— Самая важная заповедь, девочки, пятая: не убий!
— Ах, Стефа, какой в этом смысл! — возмутилась Марта, — ведь это стоит столько крови. Ведь это настоящее безумие! И во всей стране такое происходит! Может быть, мы ради собственных иллюзий подвергаем детей опасности? Зачем все это? Зачем?
Учительница подняла на сестру свои усталые, обведенные темными кругами глаза. Встала из-за стола, отложила страничку, вырванную из катехизиса, и подошла к окну. Девочки встали с дивана и прижались к ней. Она крепко обняла их. По улице ехали военные машины и брели редкие прохожие. Блондин в клетчатом шарфе переходил на другую сторону улицы. Жандармы грузили в машину детей, учителя и хозяина квартиры. У учителя были связаны руки. Он был без шляпы, с развевающимися волосами. Его, наверное, били. Выглядел он моложе, чем обычно. Дети сидели в машине испуганные, сжавшись, как замерзшие куропатки.
— Как это зачем? — Обернулась учительница к сестре. — Не понимаешь? Чтобы мир был лучше, — добавила она, помолчав минуту.
Я просмотрел сотни сочинений и воспоминаний детей из этого города в поисках дальнейшей истории учительницы, чтобы узнать судьбу тех, кого увезли тогда в машине. Кто-то из уроженцев тех мест сказал мне, что учитель и его ученики пропали бесследно.
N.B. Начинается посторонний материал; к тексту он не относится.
lemma entry_formula_recursion:
  assumes "rsum n r = Suc (Suc m)"
  shows "entry_formula n k z r = (\<Sum>l\<in>{1..n-1}.
    if r l = 0 then 0 else step_prob n k z l * entry_formula n k (incr z l) (r(l := r l - 1)))"
proof -
  define c where "c l = card {i\<in>zero_coords n (incr z l). (r(l := r l - 1)) i = 1}" for l
  define B where "B = real ((k - n + 1 + nzeros n z) choose nzeros n z) * fact m
    / (\<Prod>i\<in>{1..n-1}. fact (r i)) * (1 / real k) ^ Suc (Suc m)"
  have count: "(\<Sum>l\<in>{1..n-1}. r l * c l) = Suc m * card {i\<in>zero_coords n z. r i = 1}"
    using sum_unit_coords_decr[where n = n and r = r and z = z] assms by (simp add: c_def)
  have "0 < (\<Prod>i\<in>{1..n-1}. fact (r i) :: real)"
    by (rule prod_pos) simp
  then have "entry_formula n k z r = B * real (Suc m * card {i\<in>zero_coords n z. r i = 1})"
    using assms k_pos by (simp add: B_def entry_formula_def field_simps)
  also have "\<dots> = (\<Sum>l\<in>{1..n-1}. B * real (r l * c l))"
    unfolding count[symmetric] by (simp add: sum_distrib_left)
  also have "\<dots> = (\<Sum>l\<in>{1..n-1}.
      if r l = 0 then 0 else step_prob n k z l * entry_formula n k (incr z l) (r(l := r l - 1)))"
    using step_prob_mult_entry_formula[OF _ _ assms] by (intro sum.cong) (simp_all add: B_def c_def)
  finally show ?thesis .
qed

lemma first_entry_eq_entry_formula:
  assumes "valid n z" and "valid n r" and "\<forall>i\<in>zero_coords n z. 1 \<le> r i" and "rsum n r = Suc m"
  shows "first_entry n k (Suc m) z (\<lambda>i. z i + r i) = entry_formula n k z r"
  using assms
proof (induction m arbitrary: z r)
  case 0
  then show ?case
    using first_entry_one_eq_entry_formula by simp
next
  case (Suc m)
  show ?case
  proof (cases "z \<in> S_set n")
    case True
    then have "zero_coords n z = {}"
      using S_set_iff_zero_coords_empty[OF Suc.prems(1)] by blast
    with True show ?thesis
      by (simp add: first_entry_S_set entry_formula_def)
  next
    case False
    have "step_prob n k z l * first_entry n k (Suc m) (incr z l) (\<lambda>i. z i + r i)
        = (if r l = 0 then 0 else step_prob n k z l * entry_formula n k (incr z l) (r(l := r l - 1)))"
      if l: "l \<in> {1..n-1}" for l
    proof (cases "r l = 0")
      case True
      then have "first_entry n k (Suc m) (incr z l) (\<lambda>i. z i + r i) = 0"
        by (intro first_entry_eq_0_if_below[OF valid_incr[OF Suc.prems(1) l], of _ l]) simp
      with True show ?thesis
        by simp
    next
      case False
      define r' where "r' = r(l := r l - 1)"
      have "(\<lambda>i. z i + r i) = (\<lambda>i. incr z l i + r' i)"
        using False by (intro ext) (simp add: r'_def)
      moreover have "first_entry n k (Suc m) (incr z l) (\<lambda>i. incr z l i + r' i) = entry_formula n k (incr z l) r'"
      proof (rule Suc.IH)
        show "valid n (incr z l)"
          using Suc.prems(1) l by (rule valid_incr)
        show "valid n r'"
          using Suc.prems(2) l by (simp add: r'_def valid_def)
        show "\<forall>i\<in>zero_coords n (incr z l). 1 \<le> r' i"
          using Suc.prems(3) by (simp add: zero_coords_incr[OF l] r'_def)
        show "rsum n r' = Suc m"
          using rsum_upd[OF l, of r "r l - 1"] Suc.prems(4) False by (simp add: r'_def)
      qed
      ultimately show ?thesis
        using False by (simp add: r'_def)
    qed
    then show ?thesis
      unfolding first_entry_Suc_outside_S[OF Suc.prems(1) False] entry_formula_recursion[OF Suc.prems(4)]
      by (rule sum.cong[OF refl])
  qed
qed

lemma sum_first_entry_eq_survival_diff:
  assumes "valid n z" and "finite B" and "\<And>y. first_entry n k m z y \<noteq> 0 \<Longrightarrow> y \<in> B"
  shows "(\<Sum>y\<in>B. first_entry n k m z y) = survival n k m z - survival n k (Suc m) z"
  using assms
proof (induction m arbitrary: z)
  case 0
  show ?case
  proof (cases "z \<in> S_set n")
    case True
    then have "z \<in> B"
      using "0.prems"(3)[of z] by simp
    with True "0.prems"(2) show ?thesis
      by (simp add: sum.delta')
  next
    case False
    then have "zero_coords n z \<noteq> {}"
      using S_set_iff_zero_coords_empty[OF "0.prems"(1)] by blast
    with False show ?thesis
      using sum_step_prob by simp
  qed
next
  case (Suc m)
  show ?case
  proof (cases "z \<in> S_set n")
    case True
    then show ?thesis
      by simp
  next
    case False
    have valid_w: "valid n (incr z l)" if "l \<in> {1..n-1}" for l
      using Suc.prems(1) that by (rule valid_incr)
    have support: "y \<in> B" if "l \<in> {1..n-1}" and "first_entry n k m (incr z l) y \<noteq> 0" for l y
      using first_entry_Suc_nonzero_of_step[OF Suc.prems(1) False that] Suc.prems(3) by blast
    have "(\<Sum>y\<in>B. first_entry n k (Suc m) z y)
        = (\<Sum>l\<in>{1..n-1}. step_prob n k z l * (\<Sum>y\<in>B. first_entry n k m (incr z l) y))"
      unfolding first_entry_Suc_outside_S[OF Suc.prems(1) False] sum_distrib_left
      by (rule sum.swap)
    also have "\<dots> = (\<Sum>l\<in>{1..n-1}. step_prob n k z l
        * (survival n k m (incr z l) - survival n k (Suc m) (incr z l)))"
    proof (rule sum.cong[OF refl])
      fix l
      assume l: "l \<in> {1..n-1}"
      have "(\<Sum>y\<in>B. first_entry n k m (incr z l) y) = survival n k m (incr z l) - survival n k (Suc m) (incr z l)"
        using valid_w[OF l] Suc.prems(2) support[OF l] by (rule Suc.IH)
      then show "step_prob n k z l * (\<Sum>y\<in>B. first_entry n k m (incr z l) y)
          = step_prob n k z l * (survival n k m (incr z l) - survival n k (Suc m) (incr z l))"
        by (simp only:)
    qed
    also have "\<dots> = survival n k (Suc m) z - survival n k (Suc (Suc m)) z"
      using False by (simp add: right_diff_distrib sum_subtractf)
    finally show ?thesis .
  qed
qed

lemma survival_le:
  assumes "valid n z"
  shows "survival n k m z \<le> (1 - 1 / (2 * real k)) ^ m * 2 ^ nzeros n z"
  using assms
proof (induction m arbitrary: z)
  case (Suc m)
  define \<rho> where "\<rho> = 1 - 1 / (2 * real k)"
  have "0 \<le> \<rho>"
    using k_pos by (simp add: \<rho>_def field_simps)
  show ?case
  proof (cases "z \<in> S_set n")
    case True
    with \<open>0 \<le> \<rho>\<close> show ?thesis
      by (simp add: \<rho>_def)
  next
    case False
    then have "zero_coords n z \<noteq> {}"
      using S_set_iff_zero_coords_empty[OF Suc.prems] by blast
    have "survival n k (Suc m) z = (\<Sum>l\<in>{1..n-1}. step_prob n k z l * survival n k m (incr z l))"
      using False by simp
    also have "\<dots> \<le> (\<Sum>l\<in>{1..n-1}. step_prob n k z l * (\<rho> ^ m * 2 ^ nzeros n (incr z l)))"
    proof (rule sum_mono)
      fix l
      assume "l \<in> {1..n-1}"
      then show "step_prob n k z l * survival n k m (incr z l) \<le> step_prob n k z l * (\<rho> ^ m * 2 ^ nzeros n (incr z l))"
        unfolding \<rho>_def by (intro mult_left_mono Suc.IH valid_incr[OF Suc.prems] step_prob_nonneg)
    qed
    also have "\<dots> = \<rho> ^ m * (\<Sum>l\<in>{1..n-1}. step_prob n k z l * 2 ^ nzeros n (incr z l))"
      by (simp add: sum_distrib_left algebra_simps)
    also have "\<dots> \<le> \<rho> ^ m * (\<rho> * 2 ^ nzeros n z)"
      using sum_step_prob_pow2_nzeros_le[OF \<open>zero_coords n z \<noteq> {}\<close>] \<open>0 \<le> \<rho>\<close>
      by (intro mult_left_mono) (simp_all add: \<rho>_def)
    also have "\<dots> = \<rho> ^ Suc m * 2 ^ nzeros n z"
      by (simp add: mult_ac)
    finally show ?thesis
      by (simp only: \<rho>_def)
  qed
qed simp

lemma survival_tendsto_0:
  assumes "valid n z"
  shows "(\<lambda>m. survival n k m z) \<longlonglongrightarrow> 0"
proof (rule tendsto_sandwich[where f = "\<lambda>_. 0" and h = "\<lambda>m. (1 - 1 / (2 * real k)) ^ m * 2 ^ nzeros n z"])
  have "norm (1 - 1 / (2 * real k)) < 1"
    using k_pos by (simp add: field_simps)
  then show "(\<lambda>m. (1 - 1 / (2 * real k)) ^ m * 2 ^ nzeros n z) \<longlonglongrightarrow> 0"
    by (intro tendsto_mult_left_zero LIMSEQ_power_zero)
  show "\<forall>\<^sub>F m in sequentially. 0 \<le> survival n k m z"
    by (simp add: survival_nonneg)
  show "\<forall>\<^sub>F m in sequentially. survival n k m z \<le> (1 - 1 / (2 * real k)) ^ m * 2 ^ nzeros n z"
    using survival_le[OF assms] by simp
qed simp

context
  fixes j :: nat and x :: "nat \<Rightarrow> nat"
  assumes valid_start: "valid n x" and zero_coords_start: "zero_coords n x = {1..j}" and one_le_j: "1 \<le> j"
begin

lemma start_notin_S_set: "x \<notin> S_set n"
  using S_set_iff_zero_coords_empty[OF valid_start] zero_coords_start one_le_j by simp

lemma start_eq_0_iff:
  assumes "i \<in> {1..n-1}"
  shows "x i = 0 \<longleftrightarrow> i \<in> {1..j}"
proof -
  have "x i = 0 \<longleftrightarrow> i \<in> zero_coords n x"
    using assms by (simp add: zero_coords_def)
  then show ?thesis
    by (simp only: zero_coords_start)
qed

lemma block_subset: "{1..j} \<subseteq> {1..n-1}"
  using zero_coords_start zero_coords_subset by blast

lemma start_add_mem_Sstar:
  assumes "r \<in> E_set n j"
  shows "(\<lambda>i. x i + r i) \<in> Sstar n"
proof -
  have "1 \<le> x i + r i" if "i \<in> {1..n-1}" for i
  proof (cases "i \<in> {1..j}")
    case True
    then have "1 \<le> r i"
      using assms unfolding E_set_def by blast
    then show ?thesis
      by simp
  next
    case False
    then have "x i \<noteq> 0"
      using start_eq_0_iff[OF that] by blast
    then show ?thesis
      by simp
  qed
  moreover obtain l where "l \<in> {1..j}" and "r l = 1"
    using assms by (auto simp: E_set_def)
  moreover have "valid n (\<lambda>i. x i + r i)"
    using valid_start assms by (simp add: E_set_def valid_def)
  ultimately show ?thesis
    using block_subset start_eq_0_iff unfolding Sstar_def S_set_def by force
qed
— Может, их расстреляли в гестапо, может, они умерли в лагере, может, их убили где-нибудь в дороге. Разве вы не знаете, что это было обычным делом? Кто там переписывал все фамилии? В конце концов, какая разница — шесть миллионов или семь…
В нескольких сочинениях говорилось об учительнице. Осенью ее арестовали и вывезли в лагерь в Равенсбрюк. За несколько дней до конца войны ее, как больную туберкулезом, переправили в Швецию. Чуть-чуть подлечившись, она вернулась домой. И разумеется, по-прежнему учительствует.
Экзамен на аттестат зрелости
Всю зиму я занимался в маленькой пристройке, которую оставила нам фабрика среди развалин дома, разрушенного во время первой битвы за Варшаву.
Пристройка была узкая, низкая и сырая, в большое окно, которое открывалось в сторону поросшего кустарником пустыря, где когда-то стояли гаражи, вечерами лилось сияние луны и светили огни с моста. Занимался я поздно вечером. Пламя маленького светильника, переделанного из чернильницы (надо было экономить керосин), колебалось от моего дыхания. И тогда огромные тени моей головы безмолвно, как в кино, перемещались по стене. На сбитом из досок топчане тяжелым сном спал отец, работавший почти по двенадцать часов в сутки, спала мать и чистокровный доберман-пинчер, неизвестно откуда приблудившийся к нам во время осады. Громадный добродушный пес крутился около моих родителей, — когда мы, после того, как сгорел наш дом, приютились на пустой площади под навесом из толя, спасавшем нас от дождя, — гонялся за воронами, лаял на чужих и так при нас и остался. В ту зиму Анджей работал рикшей. Развозил товары и людей на трехколесном велосипеде с тележкой. Как в Японии, при помощи ног. Анджей — высокий, стройный, обаятельный юноша, вместе со мной окончил школу. Я зачитывался Платоном и польскими философами эпохи романтизма, его притягивали Ибсен, Пшибышевский, духовный вождь Молодой Польши, и Каспрович, видный поэт того времени. Анджей сам писал стихи, еще в школе. А теперь, в горячие дни оккупации, он пишет дневник. Аркадий был живописцем. Блестяще разбирался в математике. Во время наших философских диспутов он цитировал неизвестных нам авторов, называл течения, о которых мы не имели ни малейшего понятия. Он был блондин с острым взглядом художника, зарабатывал на жизнь тем, что рисовал карикатуры на прохожих. Нарисовал их свыше десяти тысяч.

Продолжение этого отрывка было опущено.